• WHAT IS REQUIRED: Search the records for "blast". Copy every line where it appears.

—————

lemma inj_on_content_rim_hook:
  assumes "is_partition la" "is_partition mu" "remove_hook p la mu"
  shows "inj_on cell_content (diagram la - diagram mu)"
proof (rule inj_onI, rule ccontr)
  let ?D = "diagram la - diagram mu"
  have ns: "no_square ?D" using assms(3) by (simp add: remove_hook_def)
  have key: False if c1: "(i,j) \<in> ?D" and c2: "(i',j') \<in> ?D" and lt: "i <
      i'" and eq: "int j - int i = int j' - int i'"
    for i j i' j'
  proof -
    have jj: "j < j'" using lt eq by linarith
    have inla: "(a,b) \<in> diagram la" if "a \<le> i'" "b \<le> j'" for a b
      using diagram_downward_closed[OF assms(1), of i' j' a b] c2 that by auto
    have notmu: "(a,b) \<notin> diagram mu" if "i \<le> a" "j \<le> b" for a b
      using diagram_downward_closed[OF assms(2), of a b i j] c1 that by auto
    have "(i,j) \<in> ?D" "(Suc i, j) \<in> ?D" "(i, Suc j) \<in> ?D" "(Suc i, Suc j) \<in> ?D"
      using inla notmu lt jj c1 by auto
    then show False using ns unfolding no_square_def by blast
  qed
  fix c d assume c: "c \<in> ?D" and d: "d \<in> ?D" and cd: "cell_content c = cell_content d" and ne: "c \<noteq> d"
  obtain i j i' j' where ij: "c = (i,j)" "d = (i',j')" by (cases c, cases d) auto
  have eq: "int j - int i = int j' - int i'" using cd ij by (simp add: cell_content_def)
  show False
  proof (cases "i < i'")
    case True then show False using key[of i j i' j'] c d ij eq by simp
  next
    case False
    show False
    proof (cases "i' < i")
      case True then show False using key[of i' j' i j] c d ij eq by simp
    next
      case False
      then have "i = i'" using \<open>\<not> i < i'\<close> by simp
      then have "j = j'" using eq by simp
      then show False using ne ij \<open>i = i'\<close> by simp
    qed
  qed
qed

lemma cell_adj_content: "cell_adj c d \<Longrightarrow> cell_content d =
    cell_content c + 1 \<or> cell_content d = cell_content c - 1"
  unfolding cell_adj_def cell_content_def by auto

lemma content_path_interval:
  assumes "(adj_within S)\<^sup>*\<^sup>* c d" "c \<in> S"
  shows "\<forall>v. min (cell_content c) (cell_content d) \<le> v \<and> v \<le>
      max (cell_content c) (cell_content d) \<longrightarrow> (\<exists>e\<in>S. cell_content e = v)"
  using assms(1)
proof (induction rule: rtranclp_induct)
  case base
  then show ?case using assms(2) by auto
next
  case (step d' d)
  have dS: "d \<in> S" and adj: "cell_adj d' d" using step.hyps(2) unfolding adj_within_def by auto
  have a: "cell_content d = cell_content d' + 1 \<or> cell_content d = cell_content d' - 1"
    by (rule cell_adj_content[OF adj])
  show ?case
  proof (intro allI impI)
    fix v assume v: "min (cell_content c) (cell_content d) \<le> v \<and> v \<le> max (cell_content c) (cell_content d)"
    show "\<exists>e\<in>S. cell_content e = v"
    proof (cases "min (cell_content c) (cell_content d') \<le> v \<and> v \<le> max (cell_content c) (cell_content d')")
      case True then show ?thesis using step.IH by blast
    next
      case False
      then have "v = cell_content d" using v a by linarith
      then show ?thesis using dS by blast
    qed
  qed
qed

lemma sum_lessThan_int: "2 * (\<Sum>k<n. int k) = int n * (int n - 1)"
  by (induction n) (simp_all add: algebra_simps)

lemma content_image_rim_hook:
  assumes "is_partition la" "is_partition mu" "remove_hook p la mu"
  shows "\<exists>m. cell_content ` (diagram la - diagram mu) = (\<lambda>k. m + int k) ` {..<p}"
proof -
  let ?D = "diagram la - diagram mu"
  let ?S = "cell_content ` ?D"
  have cD: "card ?D = p" and conn: "cells_connected ?D" using assms(3)
    by (auto simp: remove_hook_def)
  have fS: "finite ?S" using finite_diagram by simp
  have neS: "?S \<noteq> {}" using conn by (simp add: cells_connected_def)
  have cS: "card ?S = p" using card_image[OF inj_on_content_rim_hook[OF assms]] cD by simp
  define m where "m = Min ?S"
  define M where "M = Max ?S"
  have mS: "m \<in> ?S" and MS: "M \<in> ?S" unfolding m_def M_def using fS neS by auto
  have "{m..M} \<subseteq> ?S"
  proof
    fix v assume v: "v \<in> {m..M}"
    obtain c where c: "c \<in> ?D" "cell_content c = m" using mS by auto
    obtain d where d: "d \<in> ?D" "cell_content d = M" using MS by auto
    have "(adj_within ?D)\<^sup>*\<^sup>* c d" using conn c d unfolding cells_connected_iff_adj_within by blast
    from content_path_interval[OF this c(1)] v c d show "v \<in> ?S" by auto
  qed
  moreover have "?S \<subseteq> {m..M}" unfolding m_def M_def using fS by auto
  ultimately have S: "?S = {m..M}" by blast
  then have "M = m + int p - 1" using cS mS by auto
  then have "{m..M} = (\<lambda>k. m + int k) ` {..<p}"
    by (auto simp: image_iff intro!: bexI[of _ "nat (v - m)" for v])
  then show ?thesis using S by blast
qed

lemma content_sum_rim_hook:
  assumes "is_partition la" "is_partition mu" "remove_hook p la mu"
  shows "\<exists>c0. 2 * content_sum (diagram la - diagram mu) = int p * (2 * c0 + int p - 1)"
proof -
  let ?D = "diagram la - diagram mu"
  obtain m where m: "cell_content ` ?D = (\<lambda>k. m + int k) ` {..<p}"
    using content_image_rim_hook[OF assms] by blast
  have inj: "inj_on cell_content ?D" by (rule inj_on_content_rim_hook[OF assms])
  have injk: "inj_on (\<lambda>k. m + int k) {..<p}" by (rule inj_onI) simp
  have "content_sum ?D = (\<Sum>v\<in>cell_content ` ?D. v)"
    unfolding content_sum_def by (simp add: sum.reindex[OF inj])
  also have "\<dots> = int p * m + (\<Sum>k<p. int k)" unfolding m
    by (simp add: sum.reindex[OF injk] sum.distrib)
  finally have "2 * content_sum ?D = 2 * int p * m + int p * (int p - 1)"
    using sum_lessThan_int[of p] by simp
  then show ?thesis by (intro exI[of _ m]) (simp add: algebra_simps)
qed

—————

• REPLY:
    then show False using ns unfolding no_square_def by blast
      case True then show ?thesis using step.IH by blast
      then show ?thesis using dS by blast
    have "(adj_within ?D)\<^sup>*\<^sup>* c d" using conn c d unfolding cells_connected_iff_adj_within by blast
  ultimately have S: "?S = {m..M}" by blast
  then show ?thesis using S by blast
    using content_image_rim_hook[OF assms] by blast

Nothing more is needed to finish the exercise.